Bacterial β-glycosidases are hydrolytic enzymes that depolymerize polysaccharides such as β-cellulose, β-glucans and β-xylans from different sources are used in a myriad of biomedical and industrial applications. It has been shown that a conformational change of the substrate, from a relaxed 4C1 conformation to a distorted 1S3/1,4B conformation of the reactive sugar, is necessary for catalysis. However, the molecular determinants that stabilize the substrate's distortion are poorly understood. Here we use quantum mechanics/molecular mechanics (QM/MM)-based molecular dynamics methods to assess the impact of the interaction between the reactive sugar, i.e. the one at subsite -1, and the catalytic nucleophile (a glutamate) on substrate conformation. We show that the hydrogen bond involving the C2 exocyclic group and the nucleophile controls substrate conformation: its presence preserves sugar distortion, whereas its absence (e.g. in an enzyme mutant) knocks it out. We also show that 2-deoxy-2-fluoro derivatives, widely used to trap the reaction intermediates by X-ray crystallography, reproduce the conformation of the hydrolysable substrate at the experimental conditions. These results highlight the importance of the 2-OH···nucleophile interaction in substrate recognition and catalysis in endo-glycosidases and can inform mutational campaigns aimed to search for more efficient enzymes.

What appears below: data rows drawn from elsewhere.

lemma finite_inj_matchings:
  assumes "finite S1" "finite S2"
  shows "finite (inj_matchings S1 S2)"
proof (rule finite_subset)
  show "inj_matchings S1 S2 \<subseteq> Pow (S1 \<times> S2)"
    using inj_matchingsD(1)[OF assms] by blast
qed (use assms in simp)

lemma inj_matchings_nonempty:
  assumes "finite S1" "finite S2"
  shows "inj_matchings S1 S2 \<noteq> {}"
proof (cases "card S1 \<le> card S2")
  case True
  then obtain f where "f ` S1 \<subseteq> S2" "inj_on f S1"
    using card_le_inj[OF assms True] by blast
  then have "(\<lambda>x. (x, f x)) ` S1 \<in> inj_matchings S1 S2"
    using True by (simp add: inj_matchings_def) blast
  then show ?thesis
    by blast
next
  case False
  then obtain f where "f ` S2 \<subseteq> S1" "inj_on f S2"
    using card_le_inj[OF assms(2,1)] by (meson nat_le_linear)
  then have "(\<lambda>y. (f y, y)) ` S2 \<in> inj_matchings S1 S2"
    using False by (simp add: inj_matchings_def) blast
  then show ?thesis
    by blast
qed

lemma inj_matchings_image:
  "inj_matchings S1 S2 =
     (if card S1 \<le> card S2
      then (\<lambda>f. (\<lambda>x. (x, f x)) ` S1) ` {f. inj_on f S1 \<and> f ` S1 \<subseteq> S2}
      else (\<lambda>f. (\<lambda>y. (f y, y)) ` S2) ` {f. inj_on f S2 \<and> f ` S2 \<subseteq> S1})"
  by (auto simp: inj_matchings_def)

lemma inj_matchings_card_eq:
  assumes "finite S2" "card S1 = card S2"
  shows "inj_matchings S1 S2 = (\<lambda>f. (\<lambda>x. (x, f x)) ` S1) ` {f. bij_betw f S1 S2}"
proof -
  have "inj_on f S1 \<and> f ` S1 \<subseteq> S2 \<longleftrightarrow> bij_betw f S1 S2" for f
    using assms bij_betw_if_inj_on_card_eq by (auto simp: bij_betw_def)
  then show ?thesis
    using assms(2) by (simp add: inj_matchings_image)
qed

lemma inj_matchings_swap:
  assumes "finite S1" "finite S2"
  shows "inj_matchings S2 S1 = (\<lambda>g. prod.swap ` g) ` inj_matchings S1 S2"
proof (cases "card S1 = card S2")
  case True
  show ?thesis
  proof (intro equalityI subsetI)
    fix g assume "g \<in> inj_matchings S2 S1"
    then obtain h where h: "bij_betw h S2 S1" "g = (\<lambda>x. (x, h x)) ` S2"
      using assms True by (auto simp: inj_matchings_card_eq)
    show "g \<in> (\<lambda>g. prod.swap ` g) ` inj_matchings S1 S2"
    proof (rule image_eqI)
      show "g = prod.swap ` (\<lambda>x. (x, inv_into S2 h x)) ` S1"
        by (simp add: h(2) graph_eq_converse_graph[OF h(1)] image_image)
      show "(\<lambda>x. (x, inv_into S2 h x)) ` S1 \<in> inj_matchings S1 S2"
        using assms True bij_betw_inv_into[OF h(1)] by (auto simp: inj_matchings_card_eq)
    qed
  next
    fix g assume "g \<in> (\<lambda>g. prod.swap ` g) ` inj_matchings S1 S2"
    then obtain f where f: "bij_betw f S1 S2" "g = prod.swap ` (\<lambda>x. (x, f x)) ` S1"
      using assms True by (auto simp: inj_matchings_card_eq)
    then have "g = (\<lambda>x. (x, inv_into S1 f x)) ` S2"
      by (simp add: graph_eq_converse_graph[OF f(1)] image_image)
    then show "g \<in> inj_matchings S2 S1"
      using assms True bij_betw_inv_into[OF f(1)] by (auto simp: inj_matchings_card_eq)
  qed
next
  case False
  then show ?thesis
    by (auto simp: inj_matchings_image image_image)
qed

section \<open>The matching similarity A\<close>

definition max_matching_weight :: "('a \<Rightarrow> 'b \<Rightarrow> real) \<Rightarrow> 'a set \<Rightarrow> 'b set \<Rightarrow> real" where
  "max_matching_weight F S1 S2 = Max ((\<lambda>g. \<Sum>(x, y)\<in>g. F x y) ` inj_matchings S1 S2)"
(* Consider an oracle problem, with either a unitary oracle $O$ or a Hamiltonian oracle $H$, that is compatible with a group $G$. For every time $T$, the set of success probabilities $P_{win}$ achievable by protocols with query time $T$ is unchanged if one restricts attention to $G$-invariant protocols.
   Context: An oracle problem consists of finite-dimensional Hilbert spaces $\mathcal{A},\mathcal{M},\mathcal{M}'$, a pure state $|\psi_0\rangle\in\mathcal{A}$, an oracle given either by a unitary $O$ on $\mathcal{A}\otimes\mathcal{M}$ together with a time step $\Delta>0$ (discrete case) or by a Hermitian $H$ on $\mathcal{A}\otimes\mathcal{M}$ (continuous case), and a set $\{\Pi_x\}$ of positive operators on $\mathcal{A}\otimes\mathcal{M}'$. A protocol with query time $T$ and success probability $P_{win}$ consists of positive-operator-valued functions $\rho(t)$ on $\mathcal{A}$ and $\tilde\rho(t)$ on $\mathcal{A}\otimes\mathcal{M}$, defined for $0\le t\le T$ (for $t$ an integer multiple of $\Delta$ in the discrete case, where $T$ is also a multiple of $\Delta$), together with a positive operator $\tilde\rho'$ on $\mathcal{A}\otimes\mathcal{M}'$. These must satisfy: - $\rho(0)=|\psi_0\rangle\langle\psi_0|$; - $\mathrm{Tr}_{\mathcal{M}}\tilde\rho(t)=\rho(t)$ for all $t$; - in the discrete case, $\rho(t+\Delta)=\mathrm{Tr}_{\mathcal{M}}[O\tilde\rho(t)O^{-1}]$ for $0\le t\le T-\Delta$; - in the continuous case, $\frac{d}{dt}\rho(t)=-i\,\mathrm{Tr}_{\mathcal{M}}[H\tilde\rho(t)-\tilde\rho(t)H]$ for $0\le t\le T$, with $\tilde\rho$ continuous (or measurable, using the integral form); - $\mathrm{Tr}_{\mathcal{M}'}\tilde\rho'=\rho(T)$; - $P_{win}\le\mathrm{Tr}[\Pi_x\tilde\rho']$ for every $x$. A group $G$ is compatible with the problem if there are unitary representations $R_\mathcal{A},R_\mathcal{M},R_{\mathcal{M}'}$ of $G$ on $\mathcal{A},\mathcal{M},\mathcal{M}'$ satisfying the following conditions for all $g\in G$, where $R(g)=R_\mathcal{A}(g)\otimes R_\mathcal{M}(g)$ and $R'(g)=R_\mathcal{A}(g)\otimes R_{\mathcal{M}'}(g)$: - $R_\mathcal{A}(g)|\psi_0\rangle=|\psi_0\rangle$; - $R(g)OR(g^{-1})=O$ (resp. $R(g)HR(g^{-1})=H$); - $\{R'(g)\Pi_xR'(g^{-1})\}=\{\Pi_x\}$ as sets. A protocol is $G$-invariant if $R(g)\tilde\rho(t)R(g^{-1})=\tilde\rho(t)$ for all $g$ and $t$, and $R'(g)\tilde\rho'R'(g^{-1})=\tilde\rho'$ for all $g$. *)

theory Defs
  imports "HOL-Analysis.Analysis" "HOL-Algebra.Group"
begin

DESCRIPTION OF THE DATASET

The data is compressed in a .rar file in where we would find the following folders:

1. Model1_WT
2. Model2_2deoxy2F_lowpH
3. Model3_2deoxy2F_neutralpH
4. Model4_Glu105Gln_lowpH
5. Model5_Glu105Gln_neutralpH
6. Model6_Glu105Asp_neutralpH
7. Model7_Glu105Ala_lowpH
8. Model8_Glu105Ile_lowpH
9. Model8_Glu105Ile_lowpH
10. Model10_Glu105Ile_neutralpH
11. scripts

Each folder contains the first frame of the production phase of the QM/MM MD simulations in a .pdb format and the representative structures of the whole simulation obtained by clustering in a .nc format.

In the scripts folder we can find the scripts used to calculate and analyze the QM/MM MD simulations and a README.txt file with their proper descriptions.

More data can be made available upon reasonable request.